Work instruction:
Repeat exactly the lines of the entries below from the one with "X \<Longrightarrow> y" through the one with "gradf L x) \<ge>", both ends included, and nothing else.
-- Extracted records follows --
(* Let $f$ be as in the standing setting and suppose $f$ satisfies quadratic functional growth with constant $\kappa_f>0$: $$f(x)-f^*\ge\frac{\kappa_f}{2}\|x-\bar x\|^2\qquad\forall x\in X.$$ Let $\mu_f=\kappa_f/L_f$. Then $f$ satisfies the global error bound $$\|g(x)\|\ge\frac{\kappa_f}{1+\mu_f+\sqrt{1+\mu_f}}\,\|x-\bar x\|\qquad\forall x\in X.$$
   Context: Standing setting: $X\subseteq\mathbb{R}^n$ is a nonempty closed convex set; $f:X\to\mathbb{R}$ is convex and continuously differentiable, with $L_f$-Lipschitz continuous gradient on $X$ ($L_f>0$). Consider $f^*=\min_{x\in X}f(x)$ with optimal set $X^*$ nonempty and closed and $f^*$ finite. $\|\cdot\|$ is the Euclidean norm, $[u]_S$ is the Euclidean projection onto a closed convex set $S$, and $\bar x=[x]_{X^*}$. The gradient mapping is $g(x)=L_f\big(x-x^+\big)$ with $x^+=[x-\frac1{L_f}\nabla f(x)]_X$. *)

theory Defs
  imports "HOL-Analysis.Analysis"
begin

definition grad_map :: "'a::euclidean_space set \<Rightarrow> ('a \<Rightarrow> 'a) \<Rightarrow> real \<Rightarrow> 'a \<Rightarrow> 'a" where
  "grad_map X gradf L x = L *\<^sub>R (x - closest_point X (x - (1 / L) *\<^sub>R gradf x))"

end

theory Submission
  imports Defs
begin

text \<open>
  Write \<open>x\<^sup>+\<close> for the projected gradient step, \<open>r = \<parallel>x - x\<^sup>+\<parallel>\<close> (so \<open>\<parallel>g(x)\<parallel> = L r\<close>),
  \<open>d = \<parallel>x - x\<^sub>*\<parallel>\<close> and \<open>d\<^sup>+ = \<parallel>x\<^sup>+ - x\<^sup>+\<^sub>*\<parallel>\<close>, where \<open>x\<^sub>*\<close> and \<open>x\<^sup>+\<^sub>*\<close> are the
  projections of \<open>x\<close> and \<open>x\<^sup>+\<close> onto the optimal set.
  The descent lemma, the gradient inequality of convexity and the variational
  inequality of the projection give the classical bound
  \<open>f(x\<^sup>+) \<le> f(y) + L\<langle>x - x\<^sup>+, x - y\<rangle> - L r\<^sup>2/2\<close> for every \<open>y \<in> X\<close>; with \<open>y = x\<^sub>*\<close>
  and quadratic growth at \<open>x\<^sup>+\<close> this yields \<open>\<kappa>/2 (d\<^sup>+)\<^sup>2 \<le> L r d - L r\<^sup>2/2\<close>.
  Together with \<open>d \<le> r + d\<^sup>+\<close> this is a quadratic inequality forcing
  \<open>(s - 1) d \<le> s r\<close> for \<open>s = \<surd>(1 + \<kappa>/L)\<close>, which is the claimed error bound.
\<close>

lemma has_real_derivative_along_line:
  fixes f :: "'a::euclidean_space \<Rightarrow> real"
  assumes "(f has_derivative (\<lambda>h. G \<bullet> h)) (at (x + t *\<^sub>R v))"
  shows "((\<lambda>s. f (x + s *\<^sub>R v)) has_real_derivative (G \<bullet> v)) (at t)"
proof -
  have "((\<lambda>s. x + s *\<^sub>R v) has_derivative (\<lambda>h. h *\<^sub>R v)) (at t)"
    by (auto intro!: derivative_eq_intros)
  from has_derivative_compose[OF this assms]
  have "((\<lambda>s. f (x + s *\<^sub>R v)) has_derivative (\<lambda>h. G \<bullet> (h *\<^sub>R v))) (at t)"
    by (simp add: o_def)
  moreover have "(\<lambda>h. G \<bullet> (h *\<^sub>R v)) = (*) (G \<bullet> v)"
    by (rule ext) (simp add: mult.commute)
  ultimately show ?thesis
    by (simp add: has_field_derivative_def)
qed

lemma convex_on_gradient_inequality:
  fixes f :: "'a::euclidean_space \<Rightarrow> real"
  assumes "convex_on X f" and "x \<in> X" and "y \<in> X"
    and "(f has_derivative (\<lambda>h. G \<bullet> h)) (at x)"
  shows "f x + G \<bullet> (y - x) \<le> f y"
proof -
  define \<psi> where "\<psi> = (\<lambda>s. f (x + s *\<^sub>R (y - x)))"
  have "(\<psi> has_real_derivative (G \<bullet> (y - x))) (at 0)"
    unfolding \<psi>_def by (rule has_real_derivative_along_line) (use assms(4) in simp)
  hence "((\<lambda>t. (\<psi> t - \<psi> 0) / (t - 0)) \<longlongrightarrow> G \<bullet> (y - x)) (at_right 0)"
    by (auto simp: has_field_derivative_iff intro: filterlim_mono at_le)
  moreover have "\<forall>\<^sub>F t in at_right 0. (\<psi> t - \<psi> 0) / (t - 0) \<le> f y - f x"
    using eventually_at_right_real[OF zero_less_one]
  proof eventually_elim
    case (elim t)
    have "(1 - t) *\<^sub>R x + t *\<^sub>R y = x + t *\<^sub>R (y - x)"
      by (simp add: algebra_simps)
    with convex_onD[OF assms(1), of t x y] elim assms(2,3)
    have "\<psi> t - \<psi> 0 \<le> t * (f y - f x)"
      unfolding \<psi>_def by (simp add: algebra_simps)
    with elim show ?case
      by (simp add: divide_le_eq mult.commute)
  qed
  ultimately have "G \<bullet> (y - x) \<le> f y - f x"
    by (rule tendsto_upperbound) simp
  thus ?thesis by simp
qed

lemma lipschitz_gradient_descent_lemma:
  fixes f :: "'a::euclidean_space \<Rightarrow> real"
  assumes "convex X" and x: "x \<in> X" and y: "y \<in> X"
    and deriv: "\<And>z. z \<in> X \<Longrightarrow> (f has_derivative (\<lambda>h. gradf z \<bullet> h)) (at z)"
    and lip: "\<And>u v. u \<in> X \<Longrightarrow> v \<in> X \<Longrightarrow> norm (gradf u - gradf v) \<le> L * norm (u - v)"
    and "L \<ge> 0"
  shows "f y \<le> f x + gradf x \<bullet> (y - x) + L / 2 * (norm (y - x))\<^sup>2"
proof -
  define p where "p = (\<lambda>t::real. x + t *\<^sub>R (y - x))"
  have p_in: "p t \<in> X" if "0 \<le> t" "t \<le> 1" for t
    using convexD_alt[OF assms(1) x y, of t] that by (simp add: p_def algebra_simps)
  define \<phi> where "\<phi> = (\<lambda>t. f (p t) - t * (gradf x \<bullet> (y - x)) - L / 2 * t\<^sup>2 * (norm (y - x))\<^sup>2)"
  define \<phi>' where "\<phi>' = (\<lambda>t. gradf (p t) \<bullet> (y - x) - gradf x \<bullet> (y - x) - L * t * (norm (y - x))\<^sup>2)"
  have "(\<phi> has_real_derivative \<phi>' t) (at t)" if "0 \<le> t" "t \<le> 1" for t
  proof -
    have "((\<lambda>s. f (p s)) has_real_derivative (gradf (p t) \<bullet> (y - x))) (at t)"
      unfolding p_def
      by (rule has_real_derivative_along_line) (use deriv p_in[OF that] in \<open>simp add: p_def\<close>)
    then show ?thesis
      unfolding \<phi>_def \<phi>'_def by (auto intro!: derivative_eq_intros)
  qed
  then obtain t where t: "0 < t" "t < 1" and mvt: "\<phi> 1 - \<phi> 0 = \<phi>' t"
    using MVT2[of 0 1 \<phi> \<phi>'] by auto
  have "(gradf (p t) - gradf x) \<bullet> (y - x) \<le> norm (gradf (p t) - gradf x) * norm (y - x)"
    by (rule norm_cauchy_schwarz)
  also have "\<dots> \<le> L * norm (p t - x) * norm (y - x)"
    by (rule mult_right_mono[OF lip]) (use p_in t x in auto)
  also have "norm (p t - x) = t * norm (y - x)"
    using t by (simp add: p_def)
  finally have "\<phi>' t \<le> 0"
    unfolding \<phi>'_def by (simp add: inner_diff_left power2_eq_square algebra_simps)
  with mvt show ?thesis
    by (simp add: \<phi>_def p_def)
qed

lemma projected_gradient_step_bound:
  fixes f :: "'a::euclidean_space \<Rightarrow> real"
  assumes X: "closed X" "convex X" and x: "x \<in> X" and y: "y \<in> X"
    and convex: "convex_on X f"
    and deriv: "\<And>z. z \<in> X \<Longrightarrow> (f has_derivative (\<lambda>h. gradf z \<bullet> h)) (at z)"
    and lip: "\<And>u v. u \<in> X \<Longrightarrow> v \<in> X \<Longrightarrow> norm (gradf u - gradf v) \<le> L * norm (u - v)"
    and L: "L > 0"
  defines "x' \<equiv> closest_point X (x - (1 / L) *\<^sub>R gradf x)"
  shows "f x' \<le> f y + L * ((x - x') \<bullet> (x - y)) - L / 2 * (norm (x - x'))\<^sup>2"
proof -
  have x'_in: "x' \<in> X"
    unfolding x'_def using closest_point_in_set X x by blast
  have "(x - (1 / L) *\<^sub>R gradf x - x') \<bullet> (y - x') \<le> 0"
    unfolding x'_def by (rule closest_point_dot[OF X(2,1) y])
  hence "(x - x') \<bullet> (y - x') \<le> (1 / L) * (gradf x \<bullet> (y - x'))"
    by (simp add: inner_diff_left algebra_simps)
  hence "L * ((x - x') \<bullet> (y - x')) \<le> gradf x \<bullet> (y - x')"
    using L by (simp add: field_simps)
  moreover have "L * ((x - x') \<bullet> (y - x')) = L * (norm (x - x'))\<^sup>2 - L * ((x - x') \<bullet> (x - y))"
    by (simp add: power2_norm_eq_inner inner_diff_right algebra_simps)
  moreover have "gradf x \<bullet> (y - x') = gradf x \<bullet> (y - x) - gradf x \<bullet> (x' - x)"
    by (simp add: inner_diff_right)
  moreover have "f x' \<le> f x + gradf x \<bullet> (x' - x) + L / 2 * (norm (x - x'))\<^sup>2"
    using lipschitz_gradient_descent_lemma[OF X(2) x x'_in deriv lip] L
    by (simp add: norm_minus_commute)
  moreover have "f x + gradf x \<bullet> (y - x) \<le> f y"
    by (rule convex_on_gradient_inequality[OF convex x y deriv[OF x]])
  ultimately show ?thesis
    by (simp add: field_simps)
qed

lemma norm_closest_point_triangle:
  fixes S :: "'a::euclidean_space set"
  assumes "closed S" "S \<noteq> {}"
  shows "norm (x - closest_point S x) \<le> norm (x - y) + norm (y - closest_point S y)"
proof -
  have "norm (x - closest_point S x) \<le> norm (x - closest_point S y)"
    using closest_point_le[OF assms(1) closest_point_in_set[OF assms]] by (simp add: dist_norm)
  also have "\<dots> \<le> norm (x - y) + norm (y - closest_point S y)"
    by (rule norm_diff_triangle_le[of _ y]) simp_all
  finally show ?thesis .
qed

lemma error_bound_of_growth_inequality:
  fixes L \<kappa> r d d' :: real
  assumes L: "L > 0" and \<kappa>: "\<kappa> > 0" and "r \<ge> 0" "d \<ge> 0" "d' \<ge> 0"
    and triangle: "d \<le> r + d'" and growth: "\<kappa> / 2 * d'\<^sup>2 \<le> L * r * d - L * r\<^sup>2 / 2"
  shows "\<kappa> / (1 + \<kappa> / L + sqrt (1 + \<kappa> / L)) * d \<le> L * r"
proof -
  define s where "s = sqrt (1 + \<kappa> / L)"
  have s: "s \<ge> 1" "s\<^sup>2 = 1 + \<kappa> / L"
    using L \<kappa> by (simp_all add: s_def)
  have "1 + \<kappa> / L + sqrt (1 + \<kappa> / L) = s * (s + 1)"
    using s(2) by (simp add: s_def[symmetric] power2_eq_square algebra_simps)
  moreover have "\<kappa> = L * (s - 1) * (s + 1)"
    using s(2) L by (simp add: power2_eq_square algebra_simps)
  ultimately have coeff: "\<kappa> / (1 + \<kappa> / L + sqrt (1 + \<kappa> / L)) = L * (s - 1) / s"
    using s(1) by simp
  have "(s - 1) * d \<le> s * r"
  proof (cases "d \<le> r")
    case True
    then show ?thesis
      using s(1) \<open>d \<ge> 0\<close> by (smt (verit) mult_left_mono mult_right_mono)
  next
    case False
    with triangle have "(d - r)\<^sup>2 \<le> d'\<^sup>2"
      by (intro power_mono) auto
    with \<kappa> have "\<kappa> / 2 * (d - r)\<^sup>2 \<le> \<kappa> / 2 * d'\<^sup>2"
      by (intro mult_left_mono) auto
    with growth have "\<kappa> / 2 * (d - r)\<^sup>2 \<le> L * r * d - L * r\<^sup>2 / 2"
      by linarith
    hence "\<kappa> / L * (d - r)\<^sup>2 \<le> d\<^sup>2 - (d - r)\<^sup>2"
      using L by (simp add: field_simps power2_eq_square)
    moreover have "(s * (d - r))\<^sup>2 = (d - r)\<^sup>2 + \<kappa> / L * (d - r)\<^sup>2"
      by (simp only: power_mult_distrib s(2) distrib_right mult_1_left)
    ultimately have "(s * (d - r))\<^sup>2 \<le> d\<^sup>2"
      by linarith
    hence "s * (d - r) \<le> d"
      using \<open>d \<ge> 0\<close> by (rule power2_le_imp_le)
    thus ?thesis
      by (simp add: algebra_simps)
  qed
  then have "L * ((s - 1) * d) \<le> L * (s * r)"
    using L by simp
  then show ?thesis
    unfolding coeff using s(1) by (simp add: field_simps)
qed

theorem theorem7:
  fixes X :: "'a::euclidean_space set" and f :: "'a \<Rightarrow> real" and gradf :: "'a \<Rightarrow> 'a"
    and L \<kappa> fstar :: real
  assumes X_closed: "closed X" and X_convex: "convex X" and X_ne: "X \<noteq> {}"
    and f_convex: "convex_on X f"
    and f_deriv: "\<And>x. x \<in> X \<Longrightarrow> (f has_derivative (\<lambda>h. gradf x \<bullet> h)) (at x)"
    and grad_cont: "continuous_on X gradf"
    and L_pos: "L > 0"
    and grad_lip: "\<And>x y. x \<in> X \<Longrightarrow> y \<in> X \<Longrightarrow> norm (gradf x - gradf y) \<le> L * norm (x - y)"
    and fstar_def: "fstar = (INF x\<in>X. f x)"
    and bdd: "bdd_below (f ` X)"
    and opt_ne: "{x \<in> X. f x = fstar} \<noteq> {}"
    and kappa_pos: "\<kappa> > 0"
    and qfg: "\<And>x. x \<in> X \<Longrightarrow>
               f x - fstar \<ge> \<kappa> / 2 * (norm (x - closest_point {y \<in> X. f y = fstar} x))\<^sup>2"
  shows "\<forall>x\<in>X. norm (grad_map X gradf L x) \<ge>
           \<kappa> / (1 + \<kappa> / L + sqrt (1 + \<kappa> / L)) * norm (x - closest_point {y \<in> X. f y = fstar} x)"
proof
  fix x assume x: "x \<in> X"
  define S where "S = {y \<in> X. f y = fstar}"
  have "continuous_on X f"
    using f_deriv has_derivative_continuous continuous_at_imp_continuous_on by blast
  hence "closed S"
    unfolding S_def using X_closed by (rule continuous_closed_preimage_constant)
  have "S \<noteq> {}"
    using opt_ne by (simp add: S_def)
  define x' where "x' = closest_point X (x - (1 / L) *\<^sub>R gradf x)"
  define r where "r = norm (x - x')"
  define d where "d = norm (x - closest_point S x)"
  define d' where "d' = norm (x' - closest_point S x')"
  have "x' \<in> X"
    unfolding x'_def using closest_point_in_set X_closed X_ne by blast
  have "closest_point S x \<in> S"
    using closest_point_in_set \<open>closed S\<close> \<open>S \<noteq> {}\<close> by blast
  hence "f x' \<le> fstar + L * ((x - x') \<bullet> (x - closest_point S x)) - L / 2 * r\<^sup>2"
    using projected_gradient_step_bound[OF X_closed X_convex x _ f_convex f_deriv grad_lip L_pos,
        of "closest_point S x"]
    by (simp add: S_def x'_def r_def)
  moreover have "L * ((x - x') \<bullet> (x - closest_point S x)) \<le> L * (r * d)"
    using L_pos norm_cauchy_schwarz by (auto simp: r_def d_def intro: mult_left_mono)
  moreover have "\<kappa> / 2 * d'\<^sup>2 \<le> f x' - fstar"
    using qfg[OF \<open>x' \<in> X\<close>] by (simp add: d'_def S_def)
  moreover have "d \<le> r + d'"
    unfolding d_def r_def d'_def by (rule norm_closest_point_triangle[OF \<open>closed S\<close> \<open>S \<noteq> {}\<close>])
  ultimately have "\<kappa> / (1 + \<kappa> / L + sqrt (1 + \<kappa> / L)) * d \<le> L * r"
    by (intro error_bound_of_growth_inequality[OF L_pos kappa_pos]) (auto simp: r_def d_def d'_def)
  moreover have "norm (grad_map X gradf L x) = L * r"
    using L_pos by (simp add: grad_map_def r_def x'_def)
  ultimately show "\<kappa> / (1 + \<kappa> / L + sqrt (1 + \<kappa> / L)) * norm (x - closest_point {y \<in> X. f y = fstar} x)
      \<le> norm (grad_map X gradf L x)"
    by (simp add: d_def S_def)
qed

end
-- Extracted records concluded --
Task answer:
    and grad_lip: "\<And>x y. x \<in> X \<Longrightarrow> y \<in> X \<Longrightarrow> norm (gradf x - gradf y) \<le> L * norm (x - y)"
    and fstar_def: "fstar = (INF x\<in>X. f x)"
    and bdd: "bdd_below (f ` X)"
    and opt_ne: "{x \<in> X. f x = fstar} \<noteq> {}"
    and kappa_pos: "\<kappa> > 0"
    and qfg: "\<And>x. x \<in> X \<Longrightarrow>
               f x - fstar \<ge> \<kappa> / 2 * (norm (x - closest_point {y \<in> X. f y = fstar} x))\<^sup>2"
  shows "\<forall>x\<in>X. norm (grad_map X gradf L x) \<ge>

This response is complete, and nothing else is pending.